I will buy and read this book based on that alone. I enjoyed Chabon's first book, The Mysteries of Pittsburgh, while in grad school. I missed his next couple, but happened into a Village bookstore in the early 90s here in NYC when he was reading from A Model World, a collection of short stories. He is one of those handful of young American writers whose new books deserve investigation based on his name alone.

Rating: 5 stars
Summary: Baroque, yes. But brilliant, too
Review: I haven't been so taken by a book for a long, long time. Chabon's use of language, while sometimes over the top, is also frequently so evocative and original that I'm amazed. Beyond this, the book is also very funny, quite moving, and full of enough plot to keep the reader turning the pages. I don't even like comic books, but Chabon makes this world so engaging, and so intrinsically woven into the world of pre-war New York, that it becomes fascinating. Really a tour de force. Give it a try.

Rating: 3 stars
Summary: Not for everyone
Review: Chabon is not for everyone. And he's not for me. I once read F. Scott Fitzgerald in a letter giving advice to a young writer, "It probably isn't a good idea to expand your vocabulary past a certain point. Because then you'll be tempted to use all those long words, and they will weigh your writing down." I was astounded to read a legendary writer like Fitzgerald giving another writer advice to NOT acquire as big a vocabulary as possible. But this book--to me--shows how absolutely correct Fitzgerald was. Chabon himself once said, "I have a big vocabulary, and I like to use it." This book could have used a judicious editor. (The Oct. 5 review below gives examples of what I mean.)

Rating: 5 stars
Summary: Fantastic, epic novel
Review: This is a fantastic read from one of the most talented young writers around.
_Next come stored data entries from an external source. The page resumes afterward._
(* Let $A\in H_n$ and $B\in H_m$ have eigenvalues $a_1,\dots,a_n$ and $b_1,\dots,b_m$, respectively, and set $\mathbf a=(a_1,\dots,a_n)$, $\mathbf b=(b_1,\dots,b_m)$. The following are equivalent: (a) there is a completely positive map $\Phi:M_n\to M_m$ with $\Phi(A)=B$; (b) there is an $n\times m$ nonnegative matrix $D$ with $\mathbf b=\mathbf aD$; (c) there are real numbers $\gamma_1,\gamma_2\ge0$ such that $\gamma_2\min_i a_i\le b_j\le\gamma_1\max_i a_i$ for all $1\le j\le m$. Likewise, the following are equivalent: (a') there is a unital completely positive map $\Phi:M_n\to M_m$ with $\Phi(A)=B$; (b') there is an $n\times m$ column stochastic matrix $D$ with $\mathbf b=\mathbf aD$; (c') $\min_i a_i\le b_j\le\max_i a_i$ for all $1\le j\le m$.
   Context: $H_n$ is the set of $n\times n$ Hermitian matrices. A linear map is completely positive if all its ampliations $I_k\otimes\Phi$ preserve positive semidefiniteness; unital means $\Phi(I_n)=I_m$. A column stochastic matrix is a nonnegative matrix each of whose columns sums to 1. *)

theory Defs
  imports "Jordan_Normal_Form.Char_Poly"
begin

definition hermitian_mat :: "nat \<Rightarrow> complex mat \<Rightarrow> bool" where
  "hermitian_mat n A \<longleftrightarrow> A \<in> carrier_mat n n \<and>
     (\<forall>i<n. \<forall>j<n. A $$ (i, j) = cnj (A $$ (j, i)))"

definition psd_mat :: "nat \<Rightarrow> complex mat \<Rightarrow> bool" where
  "psd_mat d X \<longleftrightarrow> X \<in> carrier_mat d d \<and>
     (\<forall>v \<in> carrier_vec d.
        let q = (\<Sum>i<d. \<Sum>j<d. cnj (v $ i) * X $$ (i, j) * v $ j) in Im q = 0 \<and> Re q \<ge> 0)"

definition linear_map_mat :: "nat \<Rightarrow> nat \<Rightarrow> (complex mat \<Rightarrow> complex mat) \<Rightarrow> bool" where
  "linear_map_mat n m \<Phi> \<longleftrightarrow>
     (\<forall>X \<in> carrier_mat n n. \<Phi> X \<in> carrier_mat m m) \<and>
     (\<forall>X \<in> carrier_mat n n. \<forall>Y \<in> carrier_mat n n. \<Phi> (X + Y) = \<Phi> X + \<Phi> Y) \<and>
     (\<forall>c. \<forall>X \<in> carrier_mat n n. \<Phi> (c \<cdot>\<^sub>m X) = c \<cdot>\<^sub>m \<Phi> X)"

text \<open>Ampliation I_k \<otimes> Phi : M_k(M_n) \<rightarrow> M_k(M_m): a (k n) x (k n) matrix X is viewed as a
  k x k block matrix with n x n blocks X_pq (entry (p*n+r, q*n+s)), and Phi is applied blockwise.\<close>
definition ampliation :: "nat \<Rightarrow> nat \<Rightarrow> nat \<Rightarrow> (complex mat \<Rightarrow> complex mat) \<Rightarrow> complex mat \<Rightarrow> complex mat" where
  "ampliation k n m \<Phi> X = mat (k * m) (k * m) (\<lambda>(i, j).
     \<Phi> (mat n n (\<lambda>(r, s). X $$ ((i div m) * n + r, (j div m) * n + s))) $$ (i mod m, j mod m))"

definition completely_positive :: "nat \<Rightarrow> nat \<Rightarrow> (complex mat \<Rightarrow> complex mat) \<Rightarrow> bool" where
  "completely_positive n m \<Phi> \<longleftrightarrow> linear_map_mat n m \<Phi> \<and>
     (\<forall>k. \<forall>X. psd_mat (k * n) X \<longrightarrow> psd_mat (k * m) (ampliation k n m \<Phi> X))"

definition unital :: "nat \<Rightarrow> nat \<Rightarrow> (complex mat \<Rightarrow> complex mat) \<Rightarrow> bool" where
  "unital n m \<Phi> \<longleftrightarrow> \<Phi> (1\<^sub>m n) = 1\<^sub>m m"

definition eigenvalues_are :: "nat \<Rightarrow> complex mat \<Rightarrow> (nat \<Rightarrow> real) \<Rightarrow> bool" where
  "eigenvalues_are n A a \<longleftrightarrow> char_poly A = (\<Prod>i<n. [:- complex_of_real (a i), 1:])"

definition nonneg_mat :: "nat \<Rightarrow> nat \<Rightarrow> real mat \<Rightarrow> bool" where
  "nonneg_mat n m D \<longleftrightarrow> D \<in> carrier_mat n m \<and> (\<forall>i<n. \<forall>j<m. D $$ (i, j) \<ge> 0)"

definition column_stochastic :: "nat \<Rightarrow> nat \<Rightarrow> real mat \<Rightarrow> bool" where
  "column_stochastic n m D \<longleftrightarrow> nonneg_mat n m D \<and> (\<forall>j<m. (\<Sum>i<n. D $$ (i, j)) = 1)"

definition row_times :: "nat \<Rightarrow> nat \<Rightarrow> (nat \<Rightarrow> real) \<Rightarrow> real mat \<Rightarrow> (nat \<Rightarrow> real) \<Rightarrow> bool" where
  "row_times n m a D b \<longleftrightarrow> (\<forall>j<m. b j = (\<Sum>i<n. a i * D $$ (i, j)))"

end

theory Submission
  imports Defs "Jordan_Normal_Form.Schur_Decomposition" "Jordan_Normal_Form.Spectral_Radius"
begin

(* Everything reduces to
   two facts about spectra:
   - Necessity.  If s a_i + t >= 0 for all i, then sA + tI is positive semidefinite (spectral
     theorem); a completely positive map Phi with Phi(A) = B, unital when t <> 0, sends it to the
     positive semidefinite matrix sB + tI, so s b_j + t >= 0 for all j.  With (s,t) = (+-1, 0)
     this says that b keeps the sign of a whenever a has constant sign ("sign compatibility");
     with the unital shifts A - (min a) I and (max a) I - A it gives min a <= b_j <= max a.
   - Sufficiency.  Given a nonnegative D with b = aD, the measure-and-prepare map
       X |-> sum_{i,l} D_{i,sigma(l)} <x_i, X x_i> v_l v_l^*
     (x_i unit eigenvectors of A, B = sum_l b_{sigma(l)} v_l v_l^* a spectral decomposition) is
     completely positive, sends A to B, and is unital when D is column stochastic. *)

section \<open>Adjoints and unitary matrices\<close>

definition adj :: "complex mat \<Rightarrow> complex mat" where
  "adj M = mat (dim_col M) (dim_row M) (\<lambda>(i,j). cnj (M $$ (j,i)))"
Chabon's first two books are excellent, but this is an epic, grand wonderful book. The writing is beautiful, and the story is enthralling.

Rating: 5 stars
Summary: Everyone is right.
Review: There's no question this novel is rendered in baroque prose, and in places just plain overdone: "a flaw in the omniveillant maternal loupe"; "governmental tergiversations"; "degrees of cousinage and testamentary disputes" -- even the luminous NYT review pokes fun at the eleventymillion descriptions of sky. But despite the wandering back and forth over the purple line, the brilliance of this work seems almost beyond dispute. If anyone out there has come across another contemporary novel that delivers its period and setting in such miraculously vivid detail, I'd like to know about it. And we shouldn't discount the possibility that the author has overwritten on purpose, because the ornate, over-the-top style does create a certain effect that somehow fits the the subject and the era, like the flourishes and exclamations of an escapist's show. Gasps and applause for the author.